Ross Sheil, Staff Reporter
The Jamaica Employers' Federation's (JEF) stance on testing for HIV/AIDS in the workplace has come under fire from the government body mandated to tackle the disease.
Yesterday, the Government's National AIDS Committee (NAC) said JEF Executive Director Jacqueline Coke-Lloyd's claim that employers reserved the right to test for AIDS would set back the national fight against the virus "by many years."
Discriminatory
Vivian Gray, NAC advocacy officer, told The Gleaner yesterday that Government should ban mandatory testing because of concerns that it could be used to screen potential employees, a recommendation the committee made in June to the parliamentary committee looking at the establishment of a charter of rights and freedoms for the nation.
"The Jamaican society needs to wake up," Mr. Gray said. "Every day, someone walks into my office saying that they've been fired or their landlord has thrown them out and he has no recourse because there is policy only and no law."
He said his office would continue in such cases to refer those persons to a team of attorneys who have committed themselves to providing free legal services via the Ministry of Health.

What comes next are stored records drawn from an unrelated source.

lemma cmod_tendsto_if_setN_eq_UNIV:
  assumes "setN q = UNIV"
  shows "filterlim (\<lambda>x. cmod (q x)) at_top at_top"
proof -
  have "\<forall>l. \<exists>e>0. eventually (\<lambda>x. e \<le> cmod (q x - l)) at_top"
    using assms by (intro allI eventually_far_from_setN) simp
  then have "\<exists>e. \<forall>l. 0 < e l \<and> eventually (\<lambda>x. e l \<le> cmod (q x - l)) at_top"
    by (rule choice)
  then obtain e where e: "\<forall>l. 0 < e l \<and> eventually (\<lambda>x. e l \<le> cmod (q x - l)) at_top"
    by blast
  then have e_pos: "\<And>l. 0 < e l" and far: "\<And>l. eventually (\<lambda>x. e l \<le> cmod (q x - l)) at_top"
    by blast+
  show ?thesis
    unfolding filterlim_at_top
  proof
    fix Z :: real
    have "z \<in> ball z (e z)" for z
      using e_pos[of z] by simp
    then have "cball 0 Z \<subseteq> (\<Union>l\<in>UNIV. ball l (e l))"
      by blast
    then obtain L where "finite L" and cover: "cball 0 Z \<subseteq> (\<Union>l\<in>L. ball l (e l))"
      by (rule compactE_image[OF compact_cball open_ball]) blast
    have "eventually (\<lambda>x. \<forall>l\<in>L. e l \<le> cmod (q x - l)) at_top"
      using far by (intro eventually_ball_finite[OF \<open>finite L\<close>]) simp
    then show "eventually (\<lambda>x. Z \<le> cmod (q x)) at_top"
    proof eventually_elim
      case (elim x)
      show ?case
      proof (rule ccontr)
        assume "\<not> Z \<le> cmod (q x)"
        then have "q x \<in> cball 0 Z"
          by simp
        with cover obtain l where "l \<in> L" "q x \<in> ball l (e l)"
          by blast
        then have "cmod (q x - l) < e l"
          by (simp add: dist_norm norm_minus_commute)
        moreover have "e l \<le> cmod (q x - l)"
          using elim \<open>l \<in> L\<close> by blast
        ultimately show False
          by linarith
      qed
    qed
  qed
qed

Mrs. Coke-Lloyd, while not insisting that employers should demand HIV/AIDS testing, on Tuesday emphasised that employers should reserve this right for several reasons, including for health coverage.
Confidential
"What we should maintain is that, if at all they (employers) do test, then it should remain confidential," she added.
Dr. Alverston Bailey, president of the Medical Association of Jamaica, brought the issue back into the foreground during a presentation, at a forum on the weekend, in which he said it was wrong for employers to test staff for HIV/AIDS.

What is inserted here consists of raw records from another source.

lemma f_zero [simp]: "f 0 = 0"
proof -
  obtain a N where "\<And>x. f x = (\<Sum>i<N. \<Sum>j<N. a i j * (x ^ (p ^ i) * x ^ (p ^ j)))"
    using DO_expansion by blast
  then show ?thesis using prime_gt_0_nat[OF prime_p] by (simp add: power_0_left)
qed

lemma f_uminus [simp]: "f (- x) = f x"
proof -
  obtain a N where "\<And>x. f x = (\<Sum>i<N. \<Sum>j<N. a i j * (x ^ (p ^ i) * x ^ (p ^ j)))"
    using DO_expansion by blast
  then show ?thesis using odd_p by simp
qed

lemma polar_form_expansion:
  obtains a :: "nat \<Rightarrow> nat \<Rightarrow> 'a" and N where "\<And>x y. polar_form f x y =
    (\<Sum>i<N. \<Sum>j<N. a i j * (x ^ (p ^ i) * y ^ (p ^ j) + y ^ (p ^ i) * x ^ (p ^ j)))"
proof -
  obtain a N where aN: "\<And>x. f x = (\<Sum>i<N. \<Sum>j<N. a i j * (x ^ (p ^ i) * x ^ (p ^ j)))"
    using DO_expansion by blast
  show ?thesis
    by (rule that[of a N])
       (simp add: polar_form_def aN frobenius_add algebra_simps sum.distrib sum_subtractf)
qed

lemma polar_form_add_left: "polar_form f (x + y) z = polar_form f x z + polar_form f y z"
proof -
  obtain a N where "\<And>x y. polar_form f x y =
      (\<Sum>i<N. \<Sum>j<N. a i j * (x ^ (p ^ i) * y ^ (p ^ j) + y ^ (p ^ i) * x ^ (p ^ j)))"
    using polar_form_expansion by blast
  then show ?thesis by (simp add: frobenius_add algebra_simps sum.distrib)
qed

lemma polar_form_add_right: "polar_form f z (x + y) = polar_form f z x + polar_form f z y"
  by (simp only: polar_form_commute[of f z] polar_form_add_left)

lemma polar_form_diff_left: "polar_form f (x - y) z = polar_form f x z - polar_form f y z"
  using polar_form_add_left[of "x - y" y z] by simp

lemma polar_form_diff_right: "polar_form f z (x - y) = polar_form f z x - polar_form f z y"
  using polar_form_add_right[of z "x - y" y] by simp

lemma polar_form_double_left: "polar_form f (2 * x) y = 2 * polar_form f x y"
  by (simp only: mult_2 polar_form_add_left)

lemma polar_form_double_right: "polar_form f y (2 * x) = 2 * polar_form f y x"
  by (simp only: mult_2 polar_form_add_right)

end

lemma planar_even_centre:
  fixes f :: "'a::field \<Rightarrow> 'a"
  assumes "planar f" "(2::'a) \<noteq> 0" "\<And>x. f (- x) = f x"
    and "f (c - x) = f (c + x)" "x \<noteq> 0"
  shows "c = 0"
proof -
  have "inj (\<lambda>y. f (y + 2 * x) - f y)"
    using assms(1,2,5) by (simp add: planar_def bij_is_inj)
  moreover have "f (c - x + 2 * x) - f (c - x) = f (- c - x + 2 * x) - f (- c - x)"
  proof -
    have e: "c - x + 2 * x = c + x" "- c - x + 2 * x = - (c - x)" "- c - x = - (c + x)"
      by algebra+
    have "f (- c - x + 2 * x) = f (c - x)" by (metis e(2) assms(3))
    moreover have "f (- c - x) = f (c + x)" by (metis e(3) assms(3))
    ultimately show ?thesis using e(1) assms(4) by (simp add: add.commute)
  qed
  ultimately have "c - x = - c - x" by (rule injD)
  then have "2 * c = 0" by algebra
  then show ?thesis using assms(2) by simp
qed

Abner Mason, former HIV/AIDS adviser to United States President George Bush and executive director of the AIDS Responsibility Project (ARP), which was one of the
consultants to a local council among businesses to tackle AIDS discrimination in the workplace, said yesterday that he supported testing as long as privacy is protected.
"One of the biggest problems we have, even here in Jamaica, is that of the (estimated) 25,000 people infected some 60 per cent of them don't know they're infected so the likelihood of people taking steps to protect themselves and the people they're with is not nearly as good without them knowing their status," said Mr. Mason.
He was speaking during a courtesy call on City of Kingston (COK) Credit Union headquarters in Kingston. COK is one of 22 businesses to have joined the council.
In a report conducted by the ARP, which led to the formation of the council known as the National Business HIV/AIDS Council, 13 per cent of respondents in a survey of 23 local companies representing 23,000 workers, said they would not employ persons with HIV/AIDS. Sixty two per cent of companies surveyed also had no HIV/AIDS employment policy.
According to Mr. Mason, an ultimate goal of the council is for every company to have such a policy.